→ **Stored dataset items**:
------

(* Let $(z_n)_{n\ge0}$ be a homogeneous Markov chain on $\mathbb{Z}_+^k$ satisfying assumptions (A1) and (A2) below, with associated maps $p_w$ and distribution process $(x_n)$. If $K\subset S_k$ is a compact set satisfying $$\sup_{x\in K}\sum_w p_w(x)\,\alpha(w)<0,$$ then $P\big[\{L(x_n)\subset K\}\cap\{\lim_{n\to\infty}|z_n|=+\infty\}\big]=0$.
   Context: Fix integers $k\ge1$ and $m\ge1$. For $w\in\mathbb{Z}^k$ put $|w|=\sum_i|w^i|$ and $\alpha(w)=\sum_i w^i$. $\mathbb{Z}_+^k=\{z\in\mathbb{Z}^k: z^i\ge0\ \forall i\}$, $S_k=\{x\in\mathbb{R}^k: x^i\ge0,\ \sum_i x^i=1\}$. $(z_n)$ has transition kernel $\Pi(z,z')=P[z_{n+1}=z'\mid z_n=z]$; $x_n=z_n/|z_n|$ if $z_n\neq0$ and $x_n=0$ otherwise. (A1) $|z_{n+1}-z_n|\le m$ for all $n$. (A2) There exist Lipschitz maps $p_w:S_k\to[0,1]$, $w\in\mathbb{Z}^k$, $|w|\le m$, and $a>0$ with $|p_w(z/|z|)-\Pi(z,z+w)|\le a/|z|$ for all nonzero $z\in\mathbb{Z}_+^k$ and $|w|\le m$. Sums over $w$ range over $w\in\mathbb{Z}^k$ with $|w|\le m$. $L(x_n)$ denotes the set of limit points of the sequence $(x_n)$. *)

theory Defs
  imports "HOL-Analysis.Analysis" "HOL-Probability.Probability"
begin

text \<open>Lattice points are elements of int^'k; the dimension is k = CARD('k).\<close>

definition norm1 :: "int ^ 'k::finite \<Rightarrow> int" where
  "norm1 w = (\<Sum>i\<in>UNIV. \<bar>w $ i\<bar>)"

definition alpha :: "int ^ 'k::finite \<Rightarrow> int" where
  "alpha w = (\<Sum>i\<in>UNIV. w $ i)"

definition Zplus :: "(int ^ 'k::finite) set" where
  "Zplus = {z. \<forall>i. 0 \<le> z $ i}"

definition std_simplex_k :: "(real ^ 'k::finite) set" where
  "std_simplex_k = {x. (\<forall>i. 0 \<le> x $ i) \<and> (\<Sum>i\<in>UNIV. x $ i) = 1}"

definition distrib :: "int ^ 'k::finite \<Rightarrow> real ^ 'k" where
  "distrib z = (if z = 0 then 0
                else (1 / real_of_int (norm1 z)) *\<^sub>R (\<chi> i. real_of_int (z $ i)))"

definition limit_points :: "(nat \<Rightarrow> 'a::topological_space) \<Rightarrow> 'a set" where
  "limit_points X = {l. \<exists>r. strict_mono r \<and> (X \<circ> r) \<longlonglongrightarrow> l}"

end

theory Submission
  imports Defs
begin

(* Near infinity and near K, (A2) and the Lipschitz continuity of the p_w make the one-step drift
   of alpha(z_n) = |z_n| at most c/2 < 0; since the jumps are bounded by m, exp(theta alpha) is then
   superharmonic on this region G for a small theta > 0. On the event in question the chain
   eventually stays in G while exp(theta |z_n|) tends to infinity. But stopping F(z_n) at the exit
   from G turns a superharmonic F into a nonnegative supermartingale, whose liminf is almost surely
   finite by Fatou's lemma. *)

section \<open>Lattice points and the simplex\<close>

lemma abs_component_le_norm1: "\<bar>w $ i\<bar> \<le> norm1 w"
  unfolding norm1_def by (rule member_le_sum) auto

lemma norm1_ge_1: "y \<noteq> 0 \<Longrightarrow> 1 \<le> norm1 y"
  by (metis abs_component_le_norm1 order_trans vec_eq_iff zero_index zero_less_abs_iff int_one_le_iff_zero_less)

lemma finite_norm1_le: "finite {w :: int ^ 'k::finite. norm1 w \<le> r}"
proof -
  have "{w :: int ^ 'k. norm1 w \<le> r} \<subseteq> vec_lambda ` (PiE UNIV (\<lambda>_. {-r..r}))"
  proof
    fix w :: "int ^ 'k" assume "w \<in> {w. norm1 w \<le> r}"
    then have "\<bar>w $ i\<bar> \<le> r" for i
      using abs_component_le_norm1[of w i] by simp
    then have "vec_nth w \<in> PiE UNIV (\<lambda>_. {-r..r})"
      by (auto simp: abs_le_iff minus_le_iff)
    then show "w \<in> vec_lambda ` PiE UNIV (\<lambda>_. {-r..r})"
      by (intro image_eqI[of _ _ "vec_nth w"]) auto
  qed
  then show ?thesis
    by (rule finite_subset) (intro finite_imageI finite_PiE; simp)
qed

------

→ **What the exercise asks**: Reproduce the data in full. Nothing in it may be altered.

→ **Response to this exercise**:
(* Let $(z_n)_{n\ge0}$ be a homogeneous Markov chain on $\mathbb{Z}_+^k$ satisfying assumptions (A1) and (A2) below, with associated maps $p_w$ and distribution process $(x_n)$. If $K\subset S_k$ is a compact set satisfying $$\sup_{x\in K}\sum_w p_w(x)\,\alpha(w)<0,$$ then $P\big[\{L(x_n)\subset K\}\cap\{\lim_{n\to\infty}|z_n|=+\infty\}\big]=0$.
   Context: Fix integers $k\ge1$ and $m\ge1$. For $w\in\mathbb{Z}^k$ put $|w|=\sum_i|w^i|$ and $\alpha(w)=\sum_i w^i$. $\mathbb{Z}_+^k=\{z\in\mathbb{Z}^k: z^i\ge0\ \forall i\}$, $S_k=\{x\in\mathbb{R}^k: x^i\ge0,\ \sum_i x^i=1\}$. $(z_n)$ has transition kernel $\Pi(z,z')=P[z_{n+1}=z'\mid z_n=z]$; $x_n=z_n/|z_n|$ if $z_n\neq0$ and $x_n=0$ otherwise. (A1) $|z_{n+1}-z_n|\le m$ for all $n$. (A2) There exist Lipschitz maps $p_w:S_k\to[0,1]$, $w\in\mathbb{Z}^k$, $|w|\le m$, and $a>0$ with $|p_w(z/|z|)-\Pi(z,z+w)|\le a/|z|$ for all nonzero $z\in\mathbb{Z}_+^k$ and $|w|\le m$. Sums over $w$ range over $w\in\mathbb{Z}^k$ with $|w|\le m$. $L(x_n)$ denotes the set of limit points of the sequence $(x_n)$. *)

theory Defs
  imports "HOL-Analysis.Analysis" "HOL-Probability.Probability"
begin

text \<open>Lattice points are elements of int^'k; the dimension is k = CARD('k).\<close>

definition norm1 :: "int ^ 'k::finite \<Rightarrow> int" where
  "norm1 w = (\<Sum>i\<in>UNIV. \<bar>w $ i\<bar>)"

definition alpha :: "int ^ 'k::finite \<Rightarrow> int" where
  "alpha w = (\<Sum>i\<in>UNIV. w $ i)"

definition Zplus :: "(int ^ 'k::finite) set" where
  "Zplus = {z. \<forall>i. 0 \<le> z $ i}"

definition std_simplex_k :: "(real ^ 'k::finite) set" where
  "std_simplex_k = {x. (\<forall>i. 0 \<le> x $ i) \<and> (\<Sum>i\<in>UNIV. x $ i) = 1}"

definition distrib :: "int ^ 'k::finite \<Rightarrow> real ^ 'k" where
  "distrib z = (if z = 0 then 0
                else (1 / real_of_int (norm1 z)) *\<^sub>R (\<chi> i. real_of_int (z $ i)))"

definition limit_points :: "(nat \<Rightarrow> 'a::topological_space) \<Rightarrow> 'a set" where
  "limit_points X = {l. \<exists>r. strict_mono r \<and> (X \<circ> r) \<longlonglongrightarrow> l}"

end

theory Submission
  imports Defs
begin

(* Near infinity and near K, (A2) and the Lipschitz continuity of the p_w make the one-step drift
   of alpha(z_n) = |z_n| at most c/2 < 0; since the jumps are bounded by m, exp(theta alpha) is then
   superharmonic on this region G for a small theta > 0. On the event in question the chain
   eventually stays in G while exp(theta |z_n|) tends to infinity. But stopping F(z_n) at the exit
   from G turns a superharmonic F into a nonnegative supermartingale, whose liminf is almost surely
   finite by Fatou's lemma. *)

section \<open>Lattice points and the simplex\<close>

lemma abs_component_le_norm1: "\<bar>w $ i\<bar> \<le> norm1 w"
  unfolding norm1_def by (rule member_le_sum) auto

lemma norm1_ge_1: "y \<noteq> 0 \<Longrightarrow> 1 \<le> norm1 y"
  by (metis abs_component_le_norm1 order_trans vec_eq_iff zero_index zero_less_abs_iff int_one_le_iff_zero_less)

lemma finite_norm1_le: "finite {w :: int ^ 'k::finite. norm1 w \<le> r}"
proof -
  have "{w :: int ^ 'k. norm1 w \<le> r} \<subseteq> vec_lambda ` (PiE UNIV (\<lambda>_. {-r..r}))"
  proof
    fix w :: "int ^ 'k" assume "w \<in> {w. norm1 w \<le> r}"
    then have "\<bar>w $ i\<bar> \<le> r" for i
      using abs_component_le_norm1[of w i] by simp
    then have "vec_nth w \<in> PiE UNIV (\<lambda>_. {-r..r})"
      by (auto simp: abs_le_iff minus_le_iff)
    then show "w \<in> vec_lambda ` PiE UNIV (\<lambda>_. {-r..r})"
      by (intro image_eqI[of _ _ "vec_nth w"]) auto
  qed
  then show ?thesis
    by (rule finite_subset) (intro finite_imageI finite_PiE; simp)
qed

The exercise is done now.